The church being the church begins with our public assemblies, our worship services. Nothing we do in worship is by secular standards normal. Prayer. Baptisms. The Lord’s Supper. Congregational singing. Readings from a 2000+ year-old book. Sermons. None of this is culturally familiar. The secular, pagan American who wanders into a Christian assembly and witnesses any of the main elements of service, any of them, will think them strange. Yet these elements are the keys to Christian growth. The word, sacraments, and prayer are the means of grace and growth for believers. “Instead of being seeker-friendly,” Dreher suggests, we should be “finder-friendly, offering those who come to us a new and different way of life.”4 Participating in church worship services helps reinforce the truth that Christianity is a way of life, and “embracing it means we do things that set us apart from the crowd.”5
In addition, if the moral witness of the Christian community is to have integrity, then Christian ethics will have to be consistently applied. Opposition to homosexuality must be accompanied by opposition to all sexual sin: fornication, adultery, pornography, and divorce. Those who refuse to comply will have to be admonished, and if they persist, eventually excommunicated.
Regular and personal prayer and Scripture reading play an important role in shaping and sustaining the Christian life. Periodic fasting also has a role to play (Mt 6:1-18). “Man does not live by bread alone,” Jesus tells us, “but by every word that proceeds from the mouth of God” (Matt. 4:4).

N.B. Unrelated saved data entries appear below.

lemma Frob_subset:
  assumes b: "b \<in> Nsqrt m" and "spans_one m a b" and w: "w \<in> Frob m a b"
  shows "w - (e * b - e) \<in> Nsqrt m"
proof -
  have wZ: "w \<in> Zsqrt m" and wF: "\<And>y. y \<in> Nsqrt m \<Longrightarrow> w + y \<in> SG m a b"
    using w unfolding Frob_def by (auto simp: image_subset_iff)
  have bZ: "b \<in> Zsqrt m" using b Nsqrt_subset_Zsqrt by blast
  have "e * b - w \<in> Zsqrt m" using Zsqrt_diff[OF Zsqrt_mult[OF of_parts_in_Zsqrt bZ] wZ] .
  then obtain y where y: "y \<in> residue_box m d1 d2" and "e * b - w - y \<in> (*) a ` Zsqrt m"
    using residue_box_decomp[OF side_pos] unfolding multiples_Zsqrt by blast
  then obtain t where t: "t \<in> Zsqrt m" "e * b - w - y = a * t" by blast
  have "w + y \<in> SG m a b" using y residue_box_subset_Nsqrt wF by blast
  then obtain k l where k: "k \<in> Nsqrt m" and l: "l \<in> Nsqrt m" and wy: "w + y = k * a + l * b"
    unfolding SG_def by blast
  have kZ: "k \<in> Zsqrt m" and lZ: "l \<in> Zsqrt m" using k l Nsqrt_subset_Zsqrt by blast+
  have "(l - e) * b = l * b - e * b" by (rule left_diff_distrib)
  also have "\<dots> = - (a * t) - k * a" using t(2) wy by linarith
  also have "\<dots> = a * (- (t + k))" by (simp add: algebra_simps)
  finally have "(l - e) * b \<in> (*) a ` Zsqrt m"
    using Zsqrt_uminus[OF Zsqrt_add[OF t(1) kZ]] by (rule image_eqI)
  with spans_one_cancel[OF assms(2) Zsqrt_diff[OF lZ of_parts_in_Zsqrt]]
  have "l - e \<in> (*) a ` Zsqrt m" .
  then have "l - e \<in> (*) a ` Nsqrt m" using l by (intro shift_corner_in_multiples) simp_all
  then obtain c where c: "c \<in> Nsqrt m" "l - e = a * c" by blast
  have le: "l - e \<in> Nsqrt m" unfolding c(2) using Nsqrt_mult[OF generator_in_Nsqrt c(1)] .
  have "w = k * a + l * b - y" using wy by simp
  then have "w - (e * b - e) = (l - e) * b + k * a + (e - y)" by (simp add: algebra_simps)
  also have "\<dots> \<in> Nsqrt m"
    using le b k generator_in_Nsqrt corner_minus_residue_box[OF y] by (intro Nsqrt_add Nsqrt_mult)
  finally show ?thesis .
qed
lemma chetaev_rate_ge:
  assumes "z \<in> cube (1/10)" and "hamiltonian z = 0"
  shows "3 * (chetaev z)\<^sup>2 \<le> chetaev_rate z" and "\<bar>chetaev z\<bar> \<le> 1/25"
proof -
  obtain y1 y2 p1 p2 where z: "z = (y1, y2, p1, p2)"
    by (cases z) auto
  have y1: "\<bar>y1\<bar> \<le> 1/10" and y2: "\<bar>y2\<bar> \<le> 1/10" and p1: "\<bar>p1\<bar> \<le> 1/10" and p2: "\<bar>p2\<bar> \<le> 1/10"
    using assms(1) by (simp_all add: z cube_def)
  define s c M where "s = sin y1" and "c = cos y1" and "M = den y1"
  define u v w where "u = inverse M" and "v = inverse (1 + c)" and "w = inverse c"
  have c0: "0 < c"
    using cos_pos_of_cube[OF assms(1)] by (simp add: z c_def)
  have s: "\<bar>s\<bar> \<le> 1/10"
    unfolding s_def using abs_sin_x_le_abs_x[of y1] y1 by linarith
  have nonzero: "1 + c \<noteq> 0" "c \<noteq> 0" "M \<noteq> 0"
    using c0 by (auto simp: M_def)
  then have uvw: "u * M = 1" "v * (1 + c) = 1" "w * c = 1"
    by (simp_all add: u_def v_def w_def)
  have divs: "x / M = x * u" "x / M\<^sup>2 = x * u\<^sup>2" "x / (18 * M ^ 3) = x * u ^ 3 / 18"
    "x / (9 * M\<^sup>2) = x * u\<^sup>2 / 9" "x / (18 * M\<^sup>2) = x * u\<^sup>2 / 18" "x / (1 + c) = x * v" for x
    using nonzero by (simp_all add: u_def v_def field_simps)
  have sc: "s\<^sup>2 + c\<^sup>2 = 1" and "3 * M = 3 * s\<^sup>2 + 1"
    by (simp_all add: s_def c_def M_def den_def)
  note poly = chetaev_rate_ge_poly[OF this uvw c0 s y2 p1 p2]
  have "p1 * y2 - p2 * (s / 3 + y2\<^sup>2 * s * c) * u - p2\<^sup>2 * c\<^sup>2 * u\<^sup>2 / 18 = 0"
    using assms(2) unfolding z hamiltonian_def H_eq prod.case s_def[symmetric] c_def[symmetric]
      M_def[symmetric] by (simp only: divs)
  from poly[OF this] show "3 * (chetaev z)\<^sup>2 \<le> chetaev_rate z" and "\<bar>chetaev z\<bar> \<le> 1/25"
    unfolding z chetaev_rate_def chetaev_def chetaev_a_def chetaev_m_def H_y1_def H_y2_def H_p2_def
      prod.case s_def[symmetric] c_def[symmetric] M_def[symmetric]
    by (simp_all only: divs)
qed
(* Let $0<p<1-1/e^2$ be constant, $b=\frac1{1-p}$, and $\gamma(n)=2\log_b n-2\log_b\log_b n-2\log_b 2$. Let $k=k(n)$ be positive integers with $\frac nk-\gamma(n)=O(1)$. Then, as $n\to\infty$, \[\frac{\mu_{n,k+1}}{\mu_{n,k}}\ge(1+o(1))\, b^{\frac{n^2}{2k(k+1)}-\frac{n}{2k}}.\]
   Context: For $n\in\mathbb{N}$ let $m(n)=\lfloor p\binom n2\rfloor$ and $G\sim\mathcal{G}(n,m(n))$, the uniform random graph on $n$ labelled vertices with exactly $m(n)$ edges. An ordered $k$-equipartition of $[n]$ is an ordered partition into $k$ parts each of size $\lceil n/k\rceil$ or $\lfloor n/k\rfloor$, the larger parts listed first. Let $X_{n,k}$ be the number of ordered $k$-equipartitions all of whose parts are independent in $G$, and $\mu_{n,k}=\mathbb{E}[X_{n,k}]$. *)

theory Defs
  imports Complex_Main "HOL-Library.Landau_Symbols"
begin

definition all_pairs :: "nat \<Rightarrow> nat set set" where
  "all_pairs n = {e. e \<subseteq> {0..<n} \<and> card e = 2}"

text \<open>Support of G(n,m): all edge sets with exactly m edges (uniform distribution).\<close>
definition graphs_nm :: "nat \<Rightarrow> nat \<Rightarrow> nat set set set" where
  "graphs_nm n m = {E. E \<subseteq> all_pairs n \<and> card E = m}"

definition m_of :: "real \<Rightarrow> nat \<Rightarrow> nat" where
  "m_of p n = nat \<lfloor>p * real (n choose 2)\<rfloor>"
(* Let $(\Omega,\mathcal F,\mathbf P)$ be a probability space, $L^\infty=L^\infty(\Omega,\mathcal F,\mathbf P)$ with its norm dual $(L^\infty)^*$, and let $C\subset L^\infty$ be a convex cone such that $C\cap L^\infty_+=\{0\}$, where $L^\infty_+$ is the set of a.s. non-negative elements. Let $C^\circ=\{\xi\in (L^\infty)^*:\langle x,\xi\rangle\le 0 \text{ for all } x\in C\}$. Then for any $f\in (L^\infty)^*$ the following conditions are equivalent: (i) $\sup_{x\in C_1}\langle x,f\rangle<+\infty$, where $C_1=\{x\in C: x^-\le 1 \text{ a.s.}\}$; (ii) there exists $g\in (L^\infty)^*$ such that $g\ge f$ and $g\in C^\circ$.
   Context: $x^-=\max\{-x,0\}$. For $f,g\in (L^\infty)^*$, $g\ge f$ means $\langle x,g-f\rangle\ge 0$ for all $x\in L^\infty_+$. *)

theory Defs
  imports "HOL-Probability.Probability"
begin

text \<open>Elements of L-infinity are represented by measurable, essentially bounded
  real functions (equivalence classes are handled by letting all notions respect
  a.e. equality).\<close>
definition Linf :: "'a measure \<Rightarrow> ('a \<Rightarrow> real) set" where
  "Linf M = {x. x \<in> borel_measurable M \<and> (\<exists>B. AE \<omega> in M. \<bar>x \<omega>\<bar> \<le> B)}"

definition linf_norm :: "'a measure \<Rightarrow> ('a \<Rightarrow> real) \<Rightarrow> real" where
  "linf_norm M x = real_of_ereal (esssup M (\<lambda>\<omega>. ereal \<bar>x \<omega>\<bar>))"

definition Linf_dual :: "'a measure \<Rightarrow> (('a \<Rightarrow> real) \<Rightarrow> real) set" where
  "Linf_dual M = {\<phi>.
     (\<forall>x\<in>Linf M. \<forall>y\<in>Linf M. \<phi> (\<lambda>\<omega>. x \<omega> + y \<omega>) = \<phi> x + \<phi> y) \<and>
     (\<forall>x\<in>Linf M. \<forall>a::real. \<phi> (\<lambda>\<omega>. a * x \<omega>) = a * \<phi> x) \<and>
     (\<exists>K. \<forall>x\<in>Linf M. \<bar>\<phi> x\<bar> \<le> K * linf_norm M x)}"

Dreher recommends that some effort be made for believers to live in close proximity to each other. Geography matters. According to Dreher, we need “Christian villages.” We should aim to live close to the church structure so that full participation in the life of the church may be possible. The more that faithful believers are neighbors, the more encouragement and support they may be for each other. In the absence of some sort of living community, “the atomizing and secularizing forces of society will overwhelm us,” says Bradley W. Anderson in a review of Dreher’s work.6

1Dreher, The Benedict Option, 98.
2Ibid., 99.
3Ibid., 102.
4Ibid., 121.
5Ibid., 110.
6Bradley W. Anderson, “Choosing the Good Portion,” Touchstone, July/August 2017, 43.